> [What to work on]: Reproduce the first line of the entries that follow and each later line, word for word, ending with the one containing "(\<Sum>j\<in>I. d (l ! j)) +".
============================================================
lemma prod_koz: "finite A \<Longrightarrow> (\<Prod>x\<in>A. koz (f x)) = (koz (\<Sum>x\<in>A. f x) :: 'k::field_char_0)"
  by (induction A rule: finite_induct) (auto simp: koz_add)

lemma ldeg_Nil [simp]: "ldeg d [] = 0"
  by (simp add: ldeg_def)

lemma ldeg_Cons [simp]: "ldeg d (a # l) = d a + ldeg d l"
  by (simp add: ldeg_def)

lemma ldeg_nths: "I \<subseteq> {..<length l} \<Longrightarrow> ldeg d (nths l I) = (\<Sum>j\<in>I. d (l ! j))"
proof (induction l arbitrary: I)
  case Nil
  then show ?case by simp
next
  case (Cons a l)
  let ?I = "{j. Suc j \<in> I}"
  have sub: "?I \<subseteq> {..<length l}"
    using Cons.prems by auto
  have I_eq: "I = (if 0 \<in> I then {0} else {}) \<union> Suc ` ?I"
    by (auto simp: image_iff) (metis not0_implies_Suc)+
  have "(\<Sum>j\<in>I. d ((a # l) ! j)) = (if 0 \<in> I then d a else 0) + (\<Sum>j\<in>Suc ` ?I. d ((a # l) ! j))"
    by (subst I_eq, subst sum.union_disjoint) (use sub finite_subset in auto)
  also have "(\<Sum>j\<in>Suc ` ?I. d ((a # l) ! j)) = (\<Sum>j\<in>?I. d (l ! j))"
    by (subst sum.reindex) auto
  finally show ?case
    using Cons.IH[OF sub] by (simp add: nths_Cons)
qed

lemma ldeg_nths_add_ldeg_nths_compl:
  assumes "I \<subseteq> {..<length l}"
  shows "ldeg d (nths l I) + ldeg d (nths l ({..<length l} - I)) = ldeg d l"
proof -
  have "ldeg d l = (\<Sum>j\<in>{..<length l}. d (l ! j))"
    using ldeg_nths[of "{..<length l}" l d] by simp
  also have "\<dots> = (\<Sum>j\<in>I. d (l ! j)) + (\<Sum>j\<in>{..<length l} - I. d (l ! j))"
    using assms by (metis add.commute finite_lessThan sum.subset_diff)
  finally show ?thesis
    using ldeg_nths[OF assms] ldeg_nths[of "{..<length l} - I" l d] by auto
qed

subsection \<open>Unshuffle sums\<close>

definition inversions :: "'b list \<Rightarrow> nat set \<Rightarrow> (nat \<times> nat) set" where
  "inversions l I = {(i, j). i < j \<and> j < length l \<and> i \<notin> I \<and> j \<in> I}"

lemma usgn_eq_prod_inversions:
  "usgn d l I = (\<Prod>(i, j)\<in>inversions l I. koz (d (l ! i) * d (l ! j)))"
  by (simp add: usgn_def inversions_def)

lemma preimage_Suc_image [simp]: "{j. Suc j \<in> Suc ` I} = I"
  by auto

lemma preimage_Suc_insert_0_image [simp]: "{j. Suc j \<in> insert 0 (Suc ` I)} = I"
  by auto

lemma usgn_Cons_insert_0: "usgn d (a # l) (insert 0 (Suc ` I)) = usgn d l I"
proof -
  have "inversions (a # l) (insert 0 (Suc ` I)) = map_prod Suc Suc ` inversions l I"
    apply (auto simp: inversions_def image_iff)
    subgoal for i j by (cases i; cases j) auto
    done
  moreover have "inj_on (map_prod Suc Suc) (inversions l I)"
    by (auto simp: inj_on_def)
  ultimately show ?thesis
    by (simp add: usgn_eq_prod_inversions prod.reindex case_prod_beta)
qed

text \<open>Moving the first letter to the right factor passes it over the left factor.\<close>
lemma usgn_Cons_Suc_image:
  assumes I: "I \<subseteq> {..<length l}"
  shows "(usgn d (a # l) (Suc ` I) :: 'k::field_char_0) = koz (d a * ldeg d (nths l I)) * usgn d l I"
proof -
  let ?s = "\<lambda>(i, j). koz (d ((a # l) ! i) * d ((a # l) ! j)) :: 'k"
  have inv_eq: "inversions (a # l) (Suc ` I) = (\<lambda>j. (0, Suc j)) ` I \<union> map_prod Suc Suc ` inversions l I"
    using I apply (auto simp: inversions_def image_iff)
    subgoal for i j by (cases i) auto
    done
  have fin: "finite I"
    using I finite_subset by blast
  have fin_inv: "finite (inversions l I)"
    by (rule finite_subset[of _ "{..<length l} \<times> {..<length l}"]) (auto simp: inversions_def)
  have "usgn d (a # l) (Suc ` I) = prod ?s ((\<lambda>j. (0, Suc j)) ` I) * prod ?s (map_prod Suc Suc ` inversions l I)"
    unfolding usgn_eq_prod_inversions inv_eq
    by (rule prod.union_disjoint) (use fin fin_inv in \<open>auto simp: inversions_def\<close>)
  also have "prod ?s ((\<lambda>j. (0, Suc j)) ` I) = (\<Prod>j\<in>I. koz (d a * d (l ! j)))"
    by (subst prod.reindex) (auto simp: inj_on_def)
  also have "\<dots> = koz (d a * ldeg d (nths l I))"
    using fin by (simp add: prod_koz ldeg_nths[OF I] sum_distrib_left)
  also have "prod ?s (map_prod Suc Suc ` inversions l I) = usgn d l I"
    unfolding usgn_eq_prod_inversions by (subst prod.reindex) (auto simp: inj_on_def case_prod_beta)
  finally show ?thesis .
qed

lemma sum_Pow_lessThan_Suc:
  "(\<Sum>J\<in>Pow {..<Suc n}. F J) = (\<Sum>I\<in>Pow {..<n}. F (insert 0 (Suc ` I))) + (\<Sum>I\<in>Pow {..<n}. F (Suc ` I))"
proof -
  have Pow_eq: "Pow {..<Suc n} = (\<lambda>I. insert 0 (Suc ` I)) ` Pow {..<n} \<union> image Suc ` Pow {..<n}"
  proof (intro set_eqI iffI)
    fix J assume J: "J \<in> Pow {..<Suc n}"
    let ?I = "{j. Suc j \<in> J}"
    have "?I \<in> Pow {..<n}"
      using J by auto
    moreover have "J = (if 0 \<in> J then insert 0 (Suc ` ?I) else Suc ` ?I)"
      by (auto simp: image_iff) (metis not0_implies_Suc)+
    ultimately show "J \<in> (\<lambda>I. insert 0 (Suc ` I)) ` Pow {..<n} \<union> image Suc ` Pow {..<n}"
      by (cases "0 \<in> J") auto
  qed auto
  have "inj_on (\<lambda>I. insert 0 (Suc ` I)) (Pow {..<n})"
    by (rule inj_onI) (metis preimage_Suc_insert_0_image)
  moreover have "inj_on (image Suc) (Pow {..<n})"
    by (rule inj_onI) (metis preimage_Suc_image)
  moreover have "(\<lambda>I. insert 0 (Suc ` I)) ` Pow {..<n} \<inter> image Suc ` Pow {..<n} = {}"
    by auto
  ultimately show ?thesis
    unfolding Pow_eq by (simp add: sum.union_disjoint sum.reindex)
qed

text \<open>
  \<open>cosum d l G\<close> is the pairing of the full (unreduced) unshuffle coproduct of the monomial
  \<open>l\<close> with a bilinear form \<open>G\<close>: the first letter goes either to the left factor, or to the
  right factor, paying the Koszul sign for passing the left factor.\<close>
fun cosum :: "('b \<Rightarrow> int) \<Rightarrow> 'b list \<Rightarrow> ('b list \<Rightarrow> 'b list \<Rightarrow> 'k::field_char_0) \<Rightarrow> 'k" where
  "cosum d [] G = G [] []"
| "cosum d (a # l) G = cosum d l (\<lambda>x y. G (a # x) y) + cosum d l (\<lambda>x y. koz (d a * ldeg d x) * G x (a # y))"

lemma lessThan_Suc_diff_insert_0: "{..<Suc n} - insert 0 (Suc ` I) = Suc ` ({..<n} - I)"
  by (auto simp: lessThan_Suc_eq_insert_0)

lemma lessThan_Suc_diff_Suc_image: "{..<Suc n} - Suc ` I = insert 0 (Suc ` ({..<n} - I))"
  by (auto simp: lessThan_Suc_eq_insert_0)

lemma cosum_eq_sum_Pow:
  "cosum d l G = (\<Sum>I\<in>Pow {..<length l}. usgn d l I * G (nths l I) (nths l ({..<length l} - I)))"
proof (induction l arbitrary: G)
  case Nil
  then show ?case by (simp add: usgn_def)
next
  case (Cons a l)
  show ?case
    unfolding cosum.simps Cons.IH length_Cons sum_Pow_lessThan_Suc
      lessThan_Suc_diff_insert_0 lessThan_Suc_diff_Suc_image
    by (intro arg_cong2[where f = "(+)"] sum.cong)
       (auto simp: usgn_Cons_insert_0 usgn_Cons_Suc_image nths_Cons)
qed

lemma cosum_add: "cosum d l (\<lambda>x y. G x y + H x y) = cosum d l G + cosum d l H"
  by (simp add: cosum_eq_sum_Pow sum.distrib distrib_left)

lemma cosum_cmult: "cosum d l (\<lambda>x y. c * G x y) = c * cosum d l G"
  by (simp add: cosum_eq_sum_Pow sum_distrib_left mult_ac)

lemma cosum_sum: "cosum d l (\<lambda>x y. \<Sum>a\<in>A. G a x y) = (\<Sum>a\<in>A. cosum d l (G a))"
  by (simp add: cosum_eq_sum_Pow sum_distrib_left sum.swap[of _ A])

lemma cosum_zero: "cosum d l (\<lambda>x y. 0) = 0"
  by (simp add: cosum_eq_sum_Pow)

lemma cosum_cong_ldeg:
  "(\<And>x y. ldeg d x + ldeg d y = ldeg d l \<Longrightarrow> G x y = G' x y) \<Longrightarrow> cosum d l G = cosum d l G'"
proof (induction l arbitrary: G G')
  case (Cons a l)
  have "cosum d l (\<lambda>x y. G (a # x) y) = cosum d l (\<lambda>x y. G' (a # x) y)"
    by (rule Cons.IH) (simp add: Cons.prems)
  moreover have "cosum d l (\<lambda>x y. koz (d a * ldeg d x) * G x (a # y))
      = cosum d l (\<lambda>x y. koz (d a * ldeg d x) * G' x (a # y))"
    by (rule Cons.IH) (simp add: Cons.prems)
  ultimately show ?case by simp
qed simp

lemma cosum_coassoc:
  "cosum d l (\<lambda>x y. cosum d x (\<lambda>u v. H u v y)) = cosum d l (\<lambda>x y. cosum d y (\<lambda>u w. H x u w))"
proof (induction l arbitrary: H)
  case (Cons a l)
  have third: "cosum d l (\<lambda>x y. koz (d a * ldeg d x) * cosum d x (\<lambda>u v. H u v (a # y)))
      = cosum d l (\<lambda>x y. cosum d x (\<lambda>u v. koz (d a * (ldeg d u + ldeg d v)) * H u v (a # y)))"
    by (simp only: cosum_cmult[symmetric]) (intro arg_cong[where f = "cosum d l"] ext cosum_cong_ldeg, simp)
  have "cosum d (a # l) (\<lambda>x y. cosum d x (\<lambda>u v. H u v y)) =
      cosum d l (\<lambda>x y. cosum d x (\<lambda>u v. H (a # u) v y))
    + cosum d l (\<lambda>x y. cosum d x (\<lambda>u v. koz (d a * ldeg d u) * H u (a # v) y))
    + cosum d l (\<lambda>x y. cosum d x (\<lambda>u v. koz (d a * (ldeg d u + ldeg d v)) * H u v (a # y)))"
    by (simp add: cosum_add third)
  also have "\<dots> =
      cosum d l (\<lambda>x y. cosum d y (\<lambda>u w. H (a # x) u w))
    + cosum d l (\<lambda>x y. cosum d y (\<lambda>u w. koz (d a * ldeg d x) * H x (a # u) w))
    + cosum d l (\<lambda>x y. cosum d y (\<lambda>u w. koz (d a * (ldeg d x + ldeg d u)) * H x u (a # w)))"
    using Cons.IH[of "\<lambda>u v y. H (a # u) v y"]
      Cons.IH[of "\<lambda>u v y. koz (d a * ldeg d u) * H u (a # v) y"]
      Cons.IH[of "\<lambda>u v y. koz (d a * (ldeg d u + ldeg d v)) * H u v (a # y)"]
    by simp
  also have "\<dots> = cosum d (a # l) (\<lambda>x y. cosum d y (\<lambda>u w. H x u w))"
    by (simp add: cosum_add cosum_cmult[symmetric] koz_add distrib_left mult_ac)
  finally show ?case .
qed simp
============================================================
> [Finished exercise]:
lemma prod_koz: "finite A \<Longrightarrow> (\<Prod>x\<in>A. koz (f x)) = (koz (\<Sum>x\<in>A. f x) :: 'k::field_char_0)"
  by (induction A rule: finite_induct) (auto simp: koz_add)

lemma ldeg_Nil [simp]: "ldeg d [] = 0"
  by (simp add: ldeg_def)

lemma ldeg_Cons [simp]: "ldeg d (a # l) = d a + ldeg d l"
  by (simp add: ldeg_def)

lemma ldeg_nths: "I \<subseteq> {..<length l} \<Longrightarrow> ldeg d (nths l I) = (\<Sum>j\<in>I. d (l ! j))"
proof (induction l arbitrary: I)
  case Nil
  then show ?case by simp
next
  case (Cons a l)
  let ?I = "{j. Suc j \<in> I}"
  have sub: "?I \<subseteq> {..<length l}"
    using Cons.prems by auto
  have I_eq: "I = (if 0 \<in> I then {0} else {}) \<union> Suc ` ?I"
    by (auto simp: image_iff) (metis not0_implies_Suc)+
  have "(\<Sum>j\<in>I. d ((a # l) ! j)) = (if 0 \<in> I then d a else 0) + (\<Sum>j\<in>Suc ` ?I. d ((a # l) ! j))"
    by (subst I_eq, subst sum.union_disjoint) (use sub finite_subset in auto)
  also have "(\<Sum>j\<in>Suc ` ?I. d ((a # l) ! j)) = (\<Sum>j\<in>?I. d (l ! j))"
    by (subst sum.reindex) auto
  finally show ?case
    using Cons.IH[OF sub] by (simp add: nths_Cons)
qed

lemma ldeg_nths_add_ldeg_nths_compl:
  assumes "I \<subseteq> {..<length l}"
  shows "ldeg d (nths l I) + ldeg d (nths l ({..<length l} - I)) = ldeg d l"
proof -
  have "ldeg d l = (\<Sum>j\<in>{..<length l}. d (l ! j))"
    using ldeg_nths[of "{..<length l}" l d] by simp
  also have "\<dots> = (\<Sum>j\<in>I. d (l ! j)) + (\<Sum>j\<in>{..<length l} - I. d (l ! j))"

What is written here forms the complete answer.